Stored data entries
(* For every integer $N\ge 0$, let $T(N)$ be the number of tilings of a $3\times 3\times n$ box, $n=2N/3$, by $N$ bricks of size $1\times 2\times 3$ (and $0$ if $3\nmid N$). Then, as formal power series, \[ \sum_{N\ge 0} T(N)\,z^N=\frac{1-z^3}{1-7z^3-22z^6-36z^9}. \]
   Context: A tiling of a $k\times m\times n$ box (made of $kmn$ unit cubes) by $a\times b\times c$ bricks is a partition of the box into non-overlapping axis-parallel boxes with integer corner coordinates, each congruent (by an axis-permuting placement) to the $a\times b\times c$ brick; all orientations are allowed. Tilings related by symmetries of the box are counted as distinct. The empty tiling counts once for $N=0$. *)

theory Defs
  imports "HOL-Computational_Algebra.Formal_Power_Series"
begin

text \<open>Unit cubes of a box are indexed by their lower corners (x,y,z).\<close>

definition box_cells :: "nat \<Rightarrow> nat \<Rightarrow> nat \<Rightarrow> (nat \<times> nat \<times> nat) set" where
  "box_cells k m n = {0..<k} \<times> {0..<m} \<times> {0..<n}"

definition brick_at :: "nat \<Rightarrow> nat \<Rightarrow> nat \<Rightarrow> nat \<Rightarrow> nat \<Rightarrow> nat \<Rightarrow> (nat \<times> nat \<times> nat) set" where
  "brick_at x y z d1 d2 d3 = {x..<x+d1} \<times> {y..<y+d2} \<times> {z..<z+d3}"

definition is_orientation :: "nat \<Rightarrow> nat \<Rightarrow> nat \<Rightarrow> nat \<Rightarrow> nat \<Rightarrow> nat \<Rightarrow> bool" where
  "is_orientation a b c d1 d2 d3 \<longleftrightarrow>
     (d1, d2, d3) \<in> {(a,b,c), (a,c,b), (b,a,c), (b,c,a), (c,a,b), (c,b,a)}"

definition is_brick :: "nat \<Rightarrow> nat \<Rightarrow> nat \<Rightarrow> (nat \<times> nat \<times> nat) set \<Rightarrow> bool" where
  "is_brick a b c B \<longleftrightarrow>
     (\<exists>x y z d1 d2 d3. is_orientation a b c d1 d2 d3 \<and> B = brick_at x y z d1 d2 d3)"

text \<open>Tilings are counted as
  distinct sets of bricks (box symmetries are not factored out).\<close>

definition tilings :: "nat \<Rightarrow> nat \<Rightarrow> nat \<Rightarrow> nat \<Rightarrow> nat \<Rightarrow> nat \<Rightarrow> (nat \<times> nat \<times> nat) set set set" where
  "tilings k m n a b c =
     {P. (\<forall>B\<in>P. is_brick a b c B)
       \<and> (\<forall>B\<in>P. \<forall>C\<in>P. B \<noteq> C \<longrightarrow> B \<inter> C = {})
       \<and> \<Union>P = box_cells k m n}"

definition T :: "nat \<Rightarrow> nat" where
  "T N = (if 3 dvd N then card {P \<in> tilings 3 3 (2 * N div 3) 1 2 3. card P = N} else 0)"

end

theory Submission
  imports Defs "HOL-Library.Product_Lexorder" "HOL-Library.List_Lexorder"
begin

text \<open>A transfer-matrix argument. The box is filled from the bottom, always placing a brick at
  the first free cell of the lowest unfilled layer; once that layer is full, the remaining region
  is determined by the cells already occupied in the two layers above it, shifted down by one.
  Counting completions is linear in weighted lists of such profiles, and filling one layer is an
  explicit linear map on them. A verified computation shows that, starting from the empty
  profile, six layers give 7 times four layers plus 22 times two layers plus 36 times the empty
  profile. This is the recurrence behind the denominator, and the initial values
  T 0, T 3, T 6 = 1, 6, 64 give the numerator.\<close>

unbundle fps_syntax

type_synonym cell = "nat \<times> nat \<times> nat"

section \<open>Tilings of arbitrary regions\<close>

definition region_tilings :: "nat \<Rightarrow> nat \<Rightarrow> nat \<Rightarrow> cell set \<Rightarrow> cell set set set" where
  "region_tilings a b c A =
     {P. (\<forall>B\<in>P. is_brick a b c B) \<and> (\<forall>B\<in>P. \<forall>C\<in>P. B \<noteq> C \<longrightarrow> B \<inter> C = {}) \<and> \<Union>P = A}"

definition tiling_count :: "nat \<Rightarrow> nat \<Rightarrow> nat \<Rightarrow> cell set \<Rightarrow> nat" where
  "tiling_count a b c A = card (region_tilings a b c A)"

lemma tilings_eq_region_tilings: "tilings k m n a b c = region_tilings a b c (box_cells k m n)"
  by (simp add: tilings_def region_tilings_def)

lemma finite_region_tilings: "finite A \<Longrightarrow> finite (region_tilings a b c A)"
  by (rule finite_subset[of _ "Pow (Pow A)"]) (auto simp: region_tilings_def)

lemma region_tilings_image:
  fixes f :: "cell \<Rightarrow> cell"
  assumes inj: "inj f"
    and brick_image: "\<And>B. is_brick a b c B \<Longrightarrow> is_brick a b c (f ` B)"
    and brick_preimage: "\<And>B. is_brick a b c B \<Longrightarrow> B \<subseteq> f ` A \<Longrightarrow> is_brick a b c (f -` B)"
  shows "region_tilings a b c (f ` A) = image (image f) ` region_tilings a b c A"
proof
  show "image (image f) ` region_tilings a b c A \<subseteq> region_tilings a b c (f ` A)"
  proof clarify
    fix Q assume Q: "Q \<in> region_tilings a b c A"
    have "f ` B \<inter> f ` C = {}" if "B \<in> Q" "C \<in> Q" "f ` B \<noteq> f ` C" for B C
    proof -
      have "B \<noteq> C" using that(3) by blast
      then have "B \<inter> C = {}" using Q that(1,2) unfolding region_tilings_def by blast
      then show ?thesis by (simp add: image_Int[OF inj, symmetric])
    qed
    then show "image f ` Q \<in> region_tilings a b c (f ` A)"
      using Q brick_image by (auto simp: region_tilings_def)
  qed
next
  show "region_tilings a b c (f ` A) \<subseteq> image (image f) ` region_tilings a b c A"
  proof
    fix P assume P: "P \<in> region_tilings a b c (f ` A)"
    then have bricks: "is_brick a b c B" "B \<subseteq> f ` A" if "B \<in> P" for B
      using that by (auto simp: region_tilings_def)
    have P_eq: "P = image f ` vimage f ` P"
    proof -
      have "f ` f -` B = B" if "B \<in> P" for B using bricks(2)[OF that] by blast
      then show ?thesis by (simp add: image_image cong: image_cong)
    qed
    have "is_brick a b c (f -` B)" if "B \<in> P" for B
      using bricks[OF that] brick_preimage by blast
    moreover have "f -` B \<inter> f -` C = {}" if "B \<in> P" "C \<in> P" "f -` B \<noteq> f -` C" for B C
    proof -
      have "B \<noteq> C" using that(3) by blast
      then have "B \<inter> C = {}" using P that(1,2) unfolding region_tilings_def by blast
      then show ?thesis by (simp add: vimage_Int[symmetric])
    qed
    moreover have "\<Union>(vimage f ` P) = A"
      using P inj by (auto simp: region_tilings_def vimage_Union[symmetric] inj_vimage_image_eq)
    ultimately have "vimage f ` P \<in> region_tilings a b c A"
      by (auto simp: region_tilings_def)
    with P_eq show "P \<in> image (image f) ` region_tilings a b c A" by blast
  qed
qed

lemma tiling_count_image:
  fixes f :: "cell \<Rightarrow> cell"
  assumes "inj f"
    and "\<And>B. is_brick a b c B \<Longrightarrow> is_brick a b c (f ` B)"
    and "\<And>B. is_brick a b c B \<Longrightarrow> B \<subseteq> f ` A \<Longrightarrow> is_brick a b c (f -` B)"
  shows "tiling_count a b c (f ` A) = tiling_count a b c A"
proof -
  have "inj (image f)" using inj_on_image[of f UNIV] assms(1) by simp
  then have "inj (image (image f))" using inj_on_image[of "image f" UNIV] by simp
  then have "card (image (image f) ` region_tilings a b c A) = card (region_tilings a b c A)"
    by (metis card_image inj_on_subset subset_UNIV)
  then show ?thesis
    using region_tilings_image[OF assms] by (simp add: tiling_count_def)
qed

lemma region_tilings_by_cell:
  assumes "p \<in> A"
  shows "region_tilings a b c A =
    (\<Union>B\<in>{B. is_brick a b c B \<and> p \<in> B \<and> B \<subseteq> A}. insert B ` region_tilings a b c (A - B))"
    (is "_ = ?U")
proof
  show "region_tilings a b c A \<subseteq> ?U"
  proof
    fix P assume P: "P \<in> region_tilings a b c A"
    then obtain B where B: "B \<in> P" "p \<in> B" using assms by (auto simp: region_tilings_def)
    have "P - {B} \<in> region_tilings a b c (A - B)"
      using P B by (auto simp: region_tilings_def)
    moreover have "is_brick a b c B" "B \<subseteq> A" using P B by (auto simp: region_tilings_def)
    ultimately show "P \<in> ?U"
      using B by (auto intro!: image_eqI[of P "insert B" "P - {B}"])
  qed
next
  show "?U \<subseteq> region_tilings a b c A"
  proof clarify
    fix B P assume "is_brick a b c B" "B \<subseteq> A" and P: "P \<in> region_tilings a b c (A - B)"
    moreover have "B \<inter> C = {}" if "C \<in> P" for C
      using P that by (auto simp: region_tilings_def)
    ultimately show "insert B P \<in> region_tilings a b c A"
      unfolding region_tilings_def by (auto simp: Int_commute)
  qed
qed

EXERCISE DESCRIPTION
What is needed is every line of the records above that contains the word "shows".

RESPONSE AREA
  explicit linear map on them. A verified computation shows that, starting from the empty
  shows "region_tilings a b c (f ` A) = image (image f) ` region_tilings a b c A"
  shows "tiling_count a b c (f ` A) = tiling_count a b c A"
  shows "region_tilings a b c A =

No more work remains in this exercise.